Supporters of the JCPOA need to address these questions and not dismiss them, arguing that only the deal can stop Iran from resuming its nuclear program of enrichment and weaponization. Indeed, supporters must also address the issue that the vaunted transparency provided by the nuclear deal is more limited than we need it to be. If nothing else, the scope of the inspections needs to be wider to provide greater confidence that the Iranians have not resumed their weapons-related activities.

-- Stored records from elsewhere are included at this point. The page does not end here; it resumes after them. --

definition tandem_at :: "bool list list \<Rightarrow> nat \<Rightarrow> nat \<Rightarrow> bool" where
  "tandem_at ys s l \<longleftrightarrow> 1 \<le> l \<and> s + 2 * l \<le> length ys \<and>
     (\<forall>j<l. \<exists>g. ys ! (s + j) = g @ [False] \<and> ys ! (s + l + j) = g @ [True])"

lemma tandem_at_dup_event: "i + l \<le> length xs \<Longrightarrow> 1 \<le> l \<Longrightarrow> tandem_at (dup_event i l xs) i l"
  by (auto simp: tandem_at_def nth_dup_event length_dup_event)

lemma tandem_at_length_unique:
  assumes "distinct ys" "tandem_at ys s l" "tandem_at ys s l'"
  shows "l = l'"
proof -
  obtain g where "ys ! s = g @ [False]" "ys ! (s + l) = g @ [True]"
    using assms(2) unfolding tandem_at_def by fastforce
  moreover obtain g' where "ys ! s = g' @ [False]" "ys ! (s + l') = g' @ [True]"
    using assms(3) unfolding tandem_at_def by fastforce
  ultimately have "ys ! (s + l) = ys ! (s + l')" by simp
  with assms show ?thesis
    unfolding tandem_at_def by (simp add: nth_eq_iff_index_eq)
qed

lemma tandem_at_dup_event_right:
  assumes "i + l \<le> length xs" "i + 2 * l \<le> s" "tandem_at (dup_event i l xs) s l'"
  shows "tandem_at xs (s - l) l'"
  using assms by (auto simp: tandem_at_def nth_dup_event length_dup_event algebra_simps)

lemma tandem_at_le_last_start:
  "canonical es \<Longrightarrow> tandem_at (apply_events es) s l' \<Longrightarrow> s \<le> last_start es"
proof (induction es arbitrary: s rule: canonical.induct)
  case 1
  then show ?case by (simp add: tandem_at_def)
next
  case (2 i l es)
  let ?xs = "apply_events es" and ?ys = "apply_events ((i, l) # es)"
  have es: "canonical es" "1 \<le> l" "i + l \<le> length ?xs" "last_start es < i + l"
    using "2.prems"(1) by (auto simp: length_apply_events)
  have tandem: "1 \<le> l'" "s + 2 * l' \<le> length ?ys"
    "\<And>j. j < l' \<Longrightarrow> \<exists>g. ?ys ! (s + j) = g @ [False] \<and> ?ys ! (s + l' + j) = g @ [True]"
    using "2.prems"(2) unfolding tandem_at_def by auto
  have len: "length ?ys = length ?xs + l"
    using es(3) by (simp add: length_dup_event)
  show ?case
  proof (rule ccontr)
    assume "\<not> s \<le> last_start ((i, l) # es)"
    then have "i < s" by simp
    consider "s < i + l" | "i + l \<le> s" "s < i + 2 * l" | "i + 2 * l \<le> s" by linarith
    then show False
    proof cases
      case 1
      \<comment> \<open>The right sibling of the gene at s sits both at s + l and at s + l', so l' = l;
        but then the tandem block at s would contain the right child at i + l.\<close>
      obtain g where g: "?ys ! s = g @ [False]" "?ys ! (s + l') = g @ [True]"
        using tandem(1) tandem(3)[of 0] by auto
      with 1 \<open>i < s\<close> es(3) tandem(2) len have "?ys ! (s + l') = ?ys ! (s + l)"
        by (simp add: nth_dup_event)
      with 1 es(3) tandem(2) len distinct_apply_events[OF "2.prems"(1)] have "l' = l"
        by (simp add: nth_eq_iff_index_eq)
      with 1 \<open>i < s\<close> have "i + l - s < l'" by simp
      then obtain h where "?ys ! (s + (i + l - s)) = h @ [False]"
        using tandem(3) by blast
      with 1 es(2,3) show False
        by (simp add: nth_dup_event)
    next
      case 2
      with tandem(1) tandem(3)[of 0] len es(3) show False
        by (auto simp: nth_dup_event)
    next
      case 3
      then have "tandem_at ?xs (s - l) l'"
        using tandem_at_dup_event_right es(3) "2.prems"(2) by simp
      with "2.IH" es(1) 3 es(4) show False by fastforce
    qed
  qed
qed

lemma apply_events_inj:
  "canonical es \<Longrightarrow> canonical es' \<Longrightarrow> apply_events es = apply_events es' \<Longrightarrow> es = es'"
proof (induction es arbitrary: es' rule: canonical.induct)
  case 1
  then have "dup_size es' = 0"
    using length_apply_events[OF "1.prems"(2)] "1.prems"(3)[symmetric] by simp
  with "1.prems"(2) show ?case
    by (simp add: dup_size_eq_0_iff)
next
  case (2 i l es)
  let ?ys = "apply_events ((i, l) # es)"
  have "dup_size es' \<noteq> 0"
    using "2.prems" length_apply_events[of es'] length_apply_events[of "(i, l) # es"] by auto
  then obtain i' l' es'' where es': "es' = (i', l') # es''"
    by (metis dup_size.elims)
  have len: "i + l \<le> length (apply_events es)" "i' + l' \<le> length (apply_events es'')"
    using "2.prems"(1,2) es' by (auto simp: length_apply_events)
  have tandem: "tandem_at ?ys i l" "tandem_at ?ys i' l'"
  proof -
    show "tandem_at ?ys i l"
      using "2.prems"(1) len(1) by (simp add: tandem_at_dup_event)
    show "tandem_at ?ys i' l'"
      using "2.prems"(2,3) es' len(2) by (simp add: tandem_at_dup_event)
  qed
  then have "i = i'"
    using tandem_at_le_last_start[OF "2.prems"(1), of i' l']
      tandem_at_le_last_start[OF "2.prems"(2), of i l] "2.prems"(3) es' by simp
  with tandem have "l = l'"
    using tandem_at_length_unique[OF distinct_apply_events[OF "2.prems"(1)]] by blast
  moreover have "length (apply_events es'') = length (apply_events es)"
    using arg_cong[OF "2.prems"(3), of length] es' len \<open>i = i'\<close> \<open>l = l'\<close>
    by (simp add: length_dup_event)
  ultimately have "apply_events es = apply_events es''"
    using dup_event_inj[OF len(1)] "2.prems"(3) es' \<open>i = i'\<close> by simp
  with "2.IH" "2.prems"(1,2) es' \<open>i = i'\<close> \<open>l = l'\<close> show ?case
    by simp
qed

lemma counter_array_snoc:
  "counter_array (Suc n) (a @ [v]) \<longleftrightarrow>
     counter_array n a \<and> 1 \<le> v \<and> v \<le> Suc n \<and> (0 < n \<longrightarrow> last a \<le> Suc v)"
proof (cases n)
  case 0
  then show ?thesis by (auto simp: counter_array_def)
next
  case (Suc m)
  have bounds: "(\<forall>i<Suc n. P i) \<longleftrightarrow> (\<forall>i<n. P i) \<and> P n" for P
    using less_Suc_eq by auto
  have steps: "(\<forall>i. i + 1 < Suc n \<longrightarrow> P i) \<longleftrightarrow> (\<forall>i. i + 1 < n \<longrightarrow> P i) \<and> P m" for P
    using Suc less_Suc_eq by auto
  have "length a = n \<Longrightarrow> last a = a ! m"
    using Suc by (metis diff_Suc_1 last_conv_nth list.size(3) nat.distinct(1))
  then show ?thesis
    unfolding counter_array_def bounds steps
    using Suc by (auto simp: nth_append)
qed

fun desc_run :: "nat \<Rightarrow> nat \<Rightarrow> nat list" where
  "desc_run i 0 = []"
| "desc_run i (Suc l) = desc_run (Suc i) l @ [Suc i]"

fun counter_code :: "event list \<Rightarrow> nat list" where
  "counter_code [] = []"
| "counter_code ((i, l) # es) = counter_code es @ desc_run i l"

fun push_value :: "nat \<Rightarrow> event list \<Rightarrow> event list" where
  "push_value v [] = [(v - 1, 1)]"
| "push_value v ((i, l) # es) =
     (if v = i then (i - 1, Suc l) # es else (v - 1, 1) # (i, l) # es)"

definition decode :: "nat list \<Rightarrow> event list" where
  "decode a = fold push_value a []"

lemma length_desc_run [simp]: "length (desc_run i l) = l"
  by (induction l arbitrary: i) auto

lemma desc_run_eq_Nil_iff [simp]: "desc_run i l = [] \<longleftrightarrow> l = 0"
  by (cases l) auto

lemma last_desc_run: "1 \<le> l \<Longrightarrow> last (desc_run i l) = Suc i"
  by (cases l) auto

lemma length_counter_code: "length (counter_code es) = dup_size es"
  by (induction es rule: counter_code.induct) auto

lemma last_counter_code:
  "canonical es \<Longrightarrow> es \<noteq> [] \<Longrightarrow> last (counter_code es) = Suc (last_start es)"
  by (cases es rule: canonical.cases) (auto simp: last_desc_run)

lemma counter_array_append_desc_run:
  "counter_array n a \<Longrightarrow> 1 \<le> l \<Longrightarrow> i + l \<le> Suc n \<Longrightarrow> (0 < n \<longrightarrow> last a \<le> Suc (i + l)) \<Longrightarrow>
     counter_array (n + l) (a @ desc_run i l)"
proof (induction l arbitrary: i)
  case (Suc l)
  show ?case
  proof (cases "l = 0")
    case True
    with Suc.prems show ?thesis
      by (simp add: counter_array_snoc)
  next
    case False
    with Suc have "counter_array (n + l) (a @ desc_run (Suc i) l)"
      by simp
    moreover have "last (a @ desc_run (Suc i) l) = Suc (Suc i)"
      using False by (simp add: last_desc_run)
    ultimately show ?thesis
      using Suc.prems by (simp add: counter_array_snoc flip: append_assoc)
  qed
qed simp

lemma counter_array_counter_code: "canonical es \<Longrightarrow> counter_array (dup_size es) (counter_code es)"
proof (induction es rule: canonical.induct)
  case 1
  then show ?case by (simp add: counter_array_def)
next
  case (2 i l es)
  then have "0 < dup_size es \<longrightarrow> last (counter_code es) \<le> Suc (i + l)"
    by (cases "es = []") (auto simp: last_counter_code)
  with 2 show ?case
    using counter_array_append_desc_run[of "dup_size es" "counter_code es" l i]
    by (simp add: add.commute)
qed

lemma fold_push_value_desc_run:
  "canonical ((i, l) # es) \<Longrightarrow> fold push_value (desc_run i l) es = (i, l) # es"
proof (induction l arbitrary: i)
  case (Suc l)
  show ?case
  proof (cases "l = 0")
    case True
    with Suc.prems show ?thesis
      by (cases es rule: last_start.cases) auto
  next
    case False
    with Suc show ?thesis
      by simp
  qed
qed simp

lemma decode_counter_code: "canonical es \<Longrightarrow> decode (counter_code es) = es"
  by (induction es rule: canonical.induct) (simp_all add: decode_def fold_push_value_desc_run)

lemma counter_code_push_value:
  "1 \<le> v \<Longrightarrow> counter_code (push_value v es) = counter_code es @ [v]"
  by (induction es rule: push_value.induct) auto

lemma canonical_push_value:
  assumes "canonical es" "counter_array (Suc (dup_size es)) (counter_code es @ [v])"
  shows "canonical (push_value v es)"
proof -
  have v: "1 \<le> v" "v \<le> Suc (dup_size es)" "0 < dup_size es \<longrightarrow> last (counter_code es) \<le> Suc v"
    using assms(2) counter_array_snoc by blast+
  show ?thesis
  proof (cases es rule: last_start.cases)
    case 1
    with v show ?thesis by simp
  next
    case (2 i l es')
    with assms(1) have "last (counter_code es) = Suc i"
      using last_counter_code by fastforce
    with assms(1) v 2 show ?thesis
      by auto
  qed
qed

But the opponents of the deal cannot just rail against it and say we must walk away from it. What then? Maybe the Israeli disclosures and the materials will convince the British, French and Germans that the deal requires corrections. Though less likely, the Russians and Chinese, too, are likely to have been surprised by the scope of the Iranian weaponization efforts and could be open to certain adjustments. Still, at this point, none is inclined to give up on the deal and scrap it.

So the opponents of the deal should offer a strategy on what to do. Logically, the revelations give the parties to the agreement a reason to go back to the Iranians and insist on an explanation of these materials. They should demand verifiable destruction of all these files — lest they give the Iranians the ability to pick up quickly where they left off on weaponizing. And, given the danger that Iran would have the ability to move rapidly to a weapon in the year 2030, when the limits on enrichment, centrifuges and their output, and reprocessing end, the sunset issue needs to be addressed.

True, the sunset provisions represented the core trade-off in the deal: reductions in the number of Iranian centrifuges and constraints on the Iranian nuclear enrichment program in return for an end to those limits by 2030. But it is clearly also a fact that the Iranians have been preserving the means they had developed for building a nuclear bomb — and that betrays the purpose of the deal. It is not enough to ensure that they have stopped their program and the stoppage can be verified. It is also essential, at a minimum, to buy more time for the limitations on Iranian enrichment. Even if the Iranians are not willing to accept these limitations in perpetuity, the revelations may well create leverage with the Europeans to press for a 10-year extension of the sunset provisions until 2040 — and Iran, in these circumstances and with signs of genuine unrest at home, might not be so ready to say no to the Europeans.

The Trump administration should use the Israeli revelations as a new source of leverage to “fix” the deal and not simply walk away from it. At this point, if the president walks away on May 12, he is still likely to walk away alone. Our pressure on Iran has been most effective historically when we have acted with our allies and not on our own. The Israeli intelligence coup offers a new opportunity to do so.